By Heather Han
When I was looking for potential courses during summer, I knew that the Phage Hunting class would be the right choice for me. For how could it not? Throughout high school, my favorite class had been AP Biology, not because of the interesting lectures as much as because of the numerous labs that I had been granted the opportunity of doing. The ability to perform labs in which we did experiments from modifying E. coli plasmids to breeding and learning how to identify the sex of fruit flies (Drosophila melanogaster) fascinated me.
Yet, upon learning about the first assignment, I began to have some doubts about the class. Digging dirt? Why would I ever want to do that? But the first day of class absolved some of my doubts. After spending only half an hour in the classroom going over the syllabus, we moved to the lab and immediately began to prepare the enrichment culture. I was pleasantly surprised. I did not expect to do as much as I did the first day of class (even though we did have to stay after class for a while). But what surprised me the most was that I got my own lab coat! My own PERSONAL lab coat, a lab coat only for me! Having my own coat made everything seem that much more official.
Although direct plating did not initially yield any phages, my enrichment culture soon did.

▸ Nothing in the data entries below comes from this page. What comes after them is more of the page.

lemma truncation_measurable:
  assumes "q \<in> borel_measurable lebesgue"
  shows "truncation N q a \<in> borel_measurable L01"
proof -
  have "truncation N q a = (\<lambda>t. indicator ({0..1} - N a \<inter> {0..1}) t * q t)"
    by (auto simp: truncation_def indicator_def)
  moreover have "N a \<inter> {0..1} \<in> sets lebesgue" using null_segment by (rule null_setsD2)
  ultimately show ?thesis
    using assms by (auto intro!: measurable_restrict_space1 borel_measurable_times borel_measurable_indicator)
qed

lemma truncation_tendsto_0: "((\<lambda>a. truncation N q a x) \<longlongrightarrow> 0) (tailF r)"
proof (rule tendsto_eventually)
  show "eventually (\<lambda>a. truncation N q a x = 0) (tailF r)"
    using eventually_mem[of x] by eventually_elim (simp add: truncation_def)
qed

lemma measure_interval_diff_segment:
  assumes "0 < \<delta>" "\<delta> \<le> 1"
  shows "measure L01 ({0<..\<delta>} - N a) = \<delta>"
proof -
  have "measure lebesgue ({0<..\<delta>} - N a \<inter> {0..1}) = measure lebesgue {0<..\<delta>}"
    using null_segment by (intro measure_Diff_null_set) auto
  moreover have "{0<..\<delta>} - N a = {0<..\<delta>} - N a \<inter> {0..1}" using assms by auto
  ultimately show ?thesis
    using assms null_segment by (subst measure_restrict_space) auto
qed

lemma exists_notin_segment:
  assumes "0 < \<delta>" "\<delta> \<le> 1"
  obtains t where "t \<in> {0<..\<delta>}" "t \<notin> N a"
proof -
  have "{0<..\<delta>} - N a \<noteq> {}"
  proof
    assume empty: "{0<..\<delta>} - N a = {}"
    have "\<delta> = measure L01 ({0<..\<delta>} - N a)" using measure_interval_diff_segment[OF assms] by simp
    also have "\<dots> = 0" unfolding empty by simp
    finally show False using assms by simp
  qed
  then show ?thesis using that by blast
qed

lemma truncation_not_conv_in_measure:
  assumes q: "q \<in> borel_measurable lebesgue" and "\<kappa> > 0"
    and blowup: "eventually (\<lambda>t. \<kappa> / t \<le> \<bar>q t\<bar>) (at_right 0)"
  shows "\<not> conv_in_measure r (truncation N q) (\<lambda>_. 0)"
proof
  obtain \<delta> where \<delta>: "0 < \<delta>" "\<delta> \<le> 1" "\<And>t. t \<in> {0<..\<delta>} \<Longrightarrow> \<kappa> / t \<le> \<bar>q t\<bar>"
    using eventually_at_right_0_interval[OF blowup] by blast
  define A where "A a = {x\<in>{0..1}. \<kappa> \<le> \<bar>truncation N q a x - 0\<bar>}" for a
  assume "conv_in_measure r (truncation N q) (\<lambda>_. 0)"
  then have "((\<lambda>a. measure L01 (A a)) \<longlongrightarrow> 0) (tailF r)"
    using \<open>\<kappa> > 0\<close> unfolding conv_in_measure_def A_def by blast
  then have "eventually (\<lambda>a. measure L01 (A a) < \<delta>) (tailF r)"
    using \<delta>(1) by (rule order_tendstoD)
  moreover have "\<delta> \<le> measure L01 (A a)" for a
  proof -
    have "{0<..\<delta>} - N a \<subseteq> A a"
    proof
      fix x assume x: "x \<in> {0<..\<delta>} - N a"
      then have "\<kappa> \<le> \<kappa> / x" using \<delta> \<open>\<kappa> > 0\<close> by (simp add: le_divide_eq)
      with x \<delta> show "x \<in> A a" by (force simp: A_def truncation_def)
    qed
    moreover have "A a \<in> sets L01"
    proof -
      have "(\<lambda>x. \<bar>truncation N q a x - 0\<bar>) \<in> borel_measurable L01"
        using truncation_measurable[OF q] by measurable
      then have "(\<lambda>x. \<bar>truncation N q a x - 0\<bar>) -` {\<kappa>..} \<inter> space L01 \<in> sets L01"
        by (rule measurable_sets) simp
      moreover have "(\<lambda>x. \<bar>truncation N q a x - 0\<bar>) -` {\<kappa>..} \<inter> space L01 = A a"
        by (auto simp: A_def)
      ultimately show ?thesis by simp
    qed
    ultimately have "measure L01 ({0<..\<delta>} - N a) \<le> measure L01 (A a)"
      by (intro finite_measure.finite_measure_mono finite_measure_lebesgue_on) auto
    then show ?thesis using measure_interval_diff_segment[OF \<delta>(1,2)] by simp
  qed
  ultimately have "eventually (\<lambda>_. False) (tailF r)"
    by (auto elim: eventually_mono simp: not_less[symmetric])
  with tailF_neq_bot show False by (simp add: eventually_False)
qed

lemma truncation_in_ANM:
  assumes "q \<in> borel_measurable lebesgue" "\<kappa> > 0"
    and "eventually (\<lambda>t. \<kappa> / t \<le> \<bar>q t\<bar>) (at_right 0)"
  shows "truncation N q \<in> ANM r"
  unfolding ANM_def
  using truncation_measurable[OF assms(1)] truncation_tendsto_0 truncation_not_conv_in_measure[OF assms]
  by (auto intro!: exI[of _ "\<lambda>_. 0"])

We prepared our enrichment culture by transferring about 2 teaspoons of soil sample to an Erlenmeyer flask, then adding 40 mL of sterile water, 5 mL of sterile 10C7H9/glycerol broth, 5 mL of AD supplement, and 0.5 mL of 100 mM of CaCl2 to it. On the second day of class, we once again transferred our sample, except that this time it was from the flask to a 50-mL conical tube. The TAs then proceeded to collect our tubes so that they could spin the entire class’s sample at the same time at 3000 rpm for 10 minutes. I then filter-sterilized my enrichment sample and transferred 1 mL of it into a microcentrifuge tube. Since directly plating the enrichment sample would most likely produce a plate covered in plaques if phages were present, we were instructed to dilute our sample before plating. In the end, we plated 6 plates, each containing 0.5 mL of M. smegmatis, 4.5 mL of top agar, along with either 50 µL of phage buffer (negative control plate), 50 µL of 100, 10-1, 10-2, 10-3, or 10-4 dilutions of the sample. We let the plates sit undisturbed for at least 20 minutes before the TAs went around to collect them and place them in a 37 degree Celsius incubator for 24 hours.

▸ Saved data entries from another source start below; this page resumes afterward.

lemma card_window_starts_append:
  assumes "\<pi> \<noteq> []"
  shows "card (window_starts \<pi> xs) + card (window_starts \<pi> ys)
           \<le> card (window_starts \<pi> (xs @ map ((+) c) ys))"
    and "card (window_starts \<pi> (xs @ map ((+) c) ys))
           \<le> card (window_starts \<pi> xs) + card (window_starts \<pi> ys) + length \<pi>"
proof -
  let ?A = "window_starts \<pi> xs" and ?B = "(+) (length xs) ` window_starts \<pi> ys"
  have fin: "finite ?A" "finite ?B"
    by (simp_all add: finite_window_starts)
  have disj: "?A \<inter> ?B = {}"
    using assms by (auto simp: window_starts_def)
  have card_AB: "card (?A \<union> ?B) = card ?A + card (window_starts \<pi> ys)"
    using fin disj by (simp add: card_Un_disjoint card_image)
  show "card ?A + card (window_starts \<pi> ys) \<le> card (window_starts \<pi> (xs @ map ((+) c) ys))"
    using card_mono[OF finite_window_starts window_starts_append_lower[of \<pi> xs ys c]] card_AB by simp
  have "card (window_starts \<pi> (xs @ map ((+) c) ys))
          \<le> card (?A \<union> ?B \<union> {length xs - length \<pi>..<length xs})"
    using fin by (intro card_mono window_starts_append_upper) auto
  also have "\<dots> \<le> card (?A \<union> ?B) + length \<pi>"
    by (rule order_trans[OF card_Un_le]) simp
  finally show "card (window_starts \<pi> (xs @ map ((+) c) ys))
      \<le> card ?A + card (window_starts \<pi> ys) + length \<pi>"
    using card_AB by simp
qed

definition direct_sum :: "nat list \<Rightarrow> nat list \<Rightarrow> nat list" where
  "direct_sum \<sigma> \<tau> = \<sigma> @ map ((+) (length \<sigma>)) \<tau>"

fun direct_sum_power :: "nat \<Rightarrow> nat list \<Rightarrow> nat list" where
  "direct_sum_power 0 \<sigma> = []"
| "direct_sum_power (Suc r) \<sigma> = direct_sum \<sigma> (direct_sum_power r \<sigma>)"

lemma length_direct_sum [simp]: "length (direct_sum \<sigma> \<tau>) = length \<sigma> + length \<tau>"
  by (simp add: direct_sum_def)

lemma length_direct_sum_power [simp]: "length (direct_sum_power r \<sigma>) = r * length \<sigma>"
  by (induction r) simp_all

lemma direct_sum_in_perms:
  assumes "\<sigma> \<in> perms n" "\<tau> \<in> perms l"
  shows "direct_sum \<sigma> \<tau> \<in> perms (n + l)"
proof -
  have "set (map ((+) n) \<tau>) = (+) n ` {1..l}"
    using assms(2) by (simp add: perms_def)
  also have "\<dots> = {n+1..n+l}"
    by simp
  finally show ?thesis
    using assms by (auto simp: perms_def direct_sum_def distinct_map)
qed

lemma direct_sum_power_in_perms: "\<sigma> \<in> perms n \<Longrightarrow> direct_sum_power r \<sigma> \<in> perms (r * n)"
proof (induction r)
  case 0
  then show ?case
    by (simp add: perms_def)
next
  case (Suc r)
  then show ?case
    using direct_sum_in_perms by fastforce
qed

lemma c_occ_direct_sum:
  assumes "\<pi> \<noteq> []"
  shows "c_occ \<pi> \<sigma> + c_occ \<pi> \<tau> \<le> c_occ \<pi> (direct_sum \<sigma> \<tau>)"
    and "c_occ \<pi> (direct_sum \<sigma> \<tau>) \<le> c_occ \<pi> \<sigma> + c_occ \<pi> \<tau> + length \<pi>"
  using card_window_starts_append[OF assms]
  by (simp_all add: direct_sum_def c_occ_eq_card_window_starts[OF assms])

lemma c_occ_direct_sum_power:
  assumes "\<pi> \<noteq> []"
  shows "r * c_occ \<pi> \<sigma> \<le> c_occ \<pi> (direct_sum_power r \<sigma>)"
    and "c_occ \<pi> (direct_sum_power r \<sigma>) \<le> r * (c_occ \<pi> \<sigma> + length \<pi>)"
proof (induction r)
  case 0
  have "c_occ \<pi> [] = 0"
    using assms by (simp add: c_occ_eq_card_window_starts window_starts_def)
  then show "0 * c_occ \<pi> \<sigma> \<le> c_occ \<pi> (direct_sum_power 0 \<sigma>)"
    and "c_occ \<pi> (direct_sum_power 0 \<sigma>) \<le> 0 * (c_occ \<pi> \<sigma> + length \<pi>)"
    by simp_all
next
  case (Suc r)
  show "Suc r * c_occ \<pi> \<sigma> \<le> c_occ \<pi> (direct_sum_power (Suc r) \<sigma>)"
    using Suc.IH(1) c_occ_direct_sum(1)[OF assms, of \<sigma> "direct_sum_power r \<sigma>"] by simp
  show "c_occ \<pi> (direct_sum_power (Suc r) \<sigma>) \<le> Suc r * (c_occ \<pi> \<sigma> + length \<pi>)"
    using Suc.IH(2) c_occ_direct_sum(2)[OF assms, of \<sigma> "direct_sum_power r \<sigma>"] by simp
qed

text \<open>The block of copies of \<open>\<sigma>\<close> and the block of copies of \<open>\<tau>\<close> have lengths in the
  ratio \<open>a : b\<close>.\<close>
definition blend :: "nat \<Rightarrow> nat \<Rightarrow> nat list \<Rightarrow> nat list \<Rightarrow> nat list" where
  "blend a b \<sigma> \<tau> =
     direct_sum (direct_sum_power (length \<tau> * a) \<sigma>) (direct_sum_power (length \<sigma> * b) \<tau>)"

lemma length_blend: "length (blend a b \<sigma> \<tau>) = (a + b) * length \<sigma> * length \<tau>"
  by (simp add: blend_def algebra_simps)

lemma blend_in_all_perms:
  assumes "\<sigma> \<in> all_perms" "\<tau> \<in> all_perms"
  shows "blend a b \<sigma> \<tau> \<in> all_perms"
proof -
  have "\<sigma> \<in> perms (length \<sigma>)" "\<tau> \<in> perms (length \<tau>)"
    using assms by (auto simp: all_perms_def perms_def)
  then show ?thesis
    unfolding blend_def all_perms_def by (blast intro: direct_sum_in_perms direct_sum_power_in_perms)
qed

lemma c_occ_blend:
  assumes "\<pi> \<noteq> []"
  shows "length \<tau> * a * c_occ \<pi> \<sigma> + length \<sigma> * b * c_occ \<pi> \<tau> \<le> c_occ \<pi> (blend a b \<sigma> \<tau>)"
    and "c_occ \<pi> (blend a b \<sigma> \<tau>) \<le> length \<tau> * a * c_occ \<pi> \<sigma> + length \<sigma> * b * c_occ \<pi> \<tau>
           + (length \<tau> * a + length \<sigma> * b + 1) * length \<pi>"
  using c_occ_direct_sum[OF assms, of "direct_sum_power (length \<tau> * a) \<sigma>"
      "direct_sum_power (length \<sigma> * b) \<tau>"]
    c_occ_direct_sum_power[OF assms, of "length \<tau> * a" \<sigma>]
    c_occ_direct_sum_power[OF assms, of "length \<sigma> * b" \<tau>]
  unfolding blend_def by (simp_all add: algebra_simps)

lemma c_occ_tilde_blend_estimate:
  assumes "\<pi> \<noteq> []" "\<sigma> \<noteq> []" "\<tau> \<noteq> []" "0 < a + b"
  shows "\<bar>c_occ_tilde \<pi> (blend a b \<sigma> \<tau>)
            - (real a / real (a + b) * c_occ_tilde \<pi> \<sigma> + real b / real (a + b) * c_occ_tilde \<pi> \<tau>)\<bar>
         \<le> real (length \<pi>) * (1 / real (length \<sigma>) + 1 / real (length \<tau>)
                                 + 1 / (real (length \<sigma>) * real (length \<tau>)))"
proof -
  define n l N k where "n = length \<sigma>" "l = length \<tau>" "N = a + b" "k = length \<pi>"
  define X Y C where "X = c_occ \<pi> \<sigma>" "Y = c_occ \<pi> \<tau>" "C = c_occ \<pi> (blend a b \<sigma> \<tau>)"
  have lower: "l * a * X + n * b * Y \<le> C"
    and upper: "C \<le> l * a * X + n * b * Y + (l * a + n * b + 1) * k"
    using c_occ_blend[OF assms(1)] unfolding n_l_N_k_def X_Y_C_def by simp_all
  define E where "E = C - (l * a * X + n * b * Y)"
  have C: "C = l * a * X + n * b * Y + E" and E: "E \<le> (l * a + n * b + 1) * k"
    using lower upper by (simp_all add: E_def)
  have "1 \<le> N" "a \<le> N" "b \<le> N"
    using assms(4) by (auto simp: n_l_N_k_def)
  then have ab: "real a \<le> real N" "real b \<le> real N" "1 \<le> real N"
    by simp_all
  have pos: "real n > 0" "real l > 0" "real N > 0"
    using assms ab by (simp_all add: n_l_N_k_def)
  have diff: "c_occ_tilde \<pi> (blend a b \<sigma> \<tau>)
          - (real a / real N * c_occ_tilde \<pi> \<sigma> + real b / real N * c_occ_tilde \<pi> \<tau>)
        = real E / (real n * real l * real N)"
    using pos unfolding c_occ_tilde_def length_blend C X_Y_C_def[symmetric] n_l_N_k_def[symmetric]
    by (simp add: field_simps)
  have "real E / (real n * real l * real N)
          \<le> real ((l * a + n * b + 1) * k) / (real n * real l * real N)"
    using E pos by (intro divide_right_mono) (simp_all only: of_nat_le_iff, simp)
  also have "\<dots> = real k * (real a / (real n * real N) + real b / (real l * real N)
                              + 1 / (real n * real l * real N))"
    using pos by (simp add: field_simps)
  also have "\<dots> \<le> real k * (1 / real n + 1 / real l + 1 / (real n * real l))"
    using pos ab by (intro mult_left_mono add_mono) (simp_all add: field_simps mult_left_mono)
  finally show ?thesis
    using diff unfolding n_l_N_k_def by simp
qed

lemma c_occ_Nil_le_1: "c_occ [] s \<le> 1"
proof -
  have "{I. I \<subseteq> {1..length s} \<and> is_interval I \<and> pat I s = []} \<subseteq> {{}}"
    (is "?occ \<subseteq> _") by (auto simp: pat_def std_def dest: finite_subset)
  then have "card ?occ \<le> card {{} :: nat set}"
    by (intro card_mono) auto
  then show ?thesis
    by (simp add: c_occ_def)
qed

lemma tendsto_inverse_length:
  assumes "filterlim (\<lambda>m. length (\<sigma>s m)) at_top sequentially"
  shows "(\<lambda>m. 1 / real (length (\<sigma>s m))) \<longlonglongrightarrow> 0"
  using tendsto_inverse_0_at_top[OF filterlim_compose[OF filterlim_real_sequentially assms]]
  by (simp add: divide_inverse)

lemma tendsto_c_occ_tilde_Nil:
  assumes "filterlim (\<lambda>m. length (\<sigma>s m)) at_top sequentially"
  shows "(\<lambda>m. c_occ_tilde [] (\<sigma>s m)) \<longlonglongrightarrow> 0"
proof (rule Lim_null_comparison[OF _ tendsto_inverse_length[OF assms]])
  show "\<forall>\<^sub>F m in sequentially. norm (c_occ_tilde [] (\<sigma>s m)) \<le> 1 / real (length (\<sigma>s m))"
    using c_occ_Nil_le_1 by (auto simp: c_occ_tilde_def divide_right_mono)
qed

By the time of the third class, I had phages! While my 100 plate was completely covered with plaques – the entire plate appeared to be transparent, my 10-4 plate contained plaques that were more spread apart. In the end, I chose 2 plaques of different morphology (one of which was big and cloudy, the other small and transparent) from my 10-4 plate and streaked them onto 4 new plates – 2 of each kind – as well as a negative control plate.
We had to repeat the streaking process again on the fourth day of class in order to better isolate our phages. When I began the process of choosing plaques of phages to plate again, I noticed that there appeared to be plaques of two different morphologies on one of the plates. This means that I might have 3 different types of phages rather than the initial 2 that I thought I had. But I guess I won’t find out till the next class! Seems like there will always be new information for me to learn from Phage Hunting!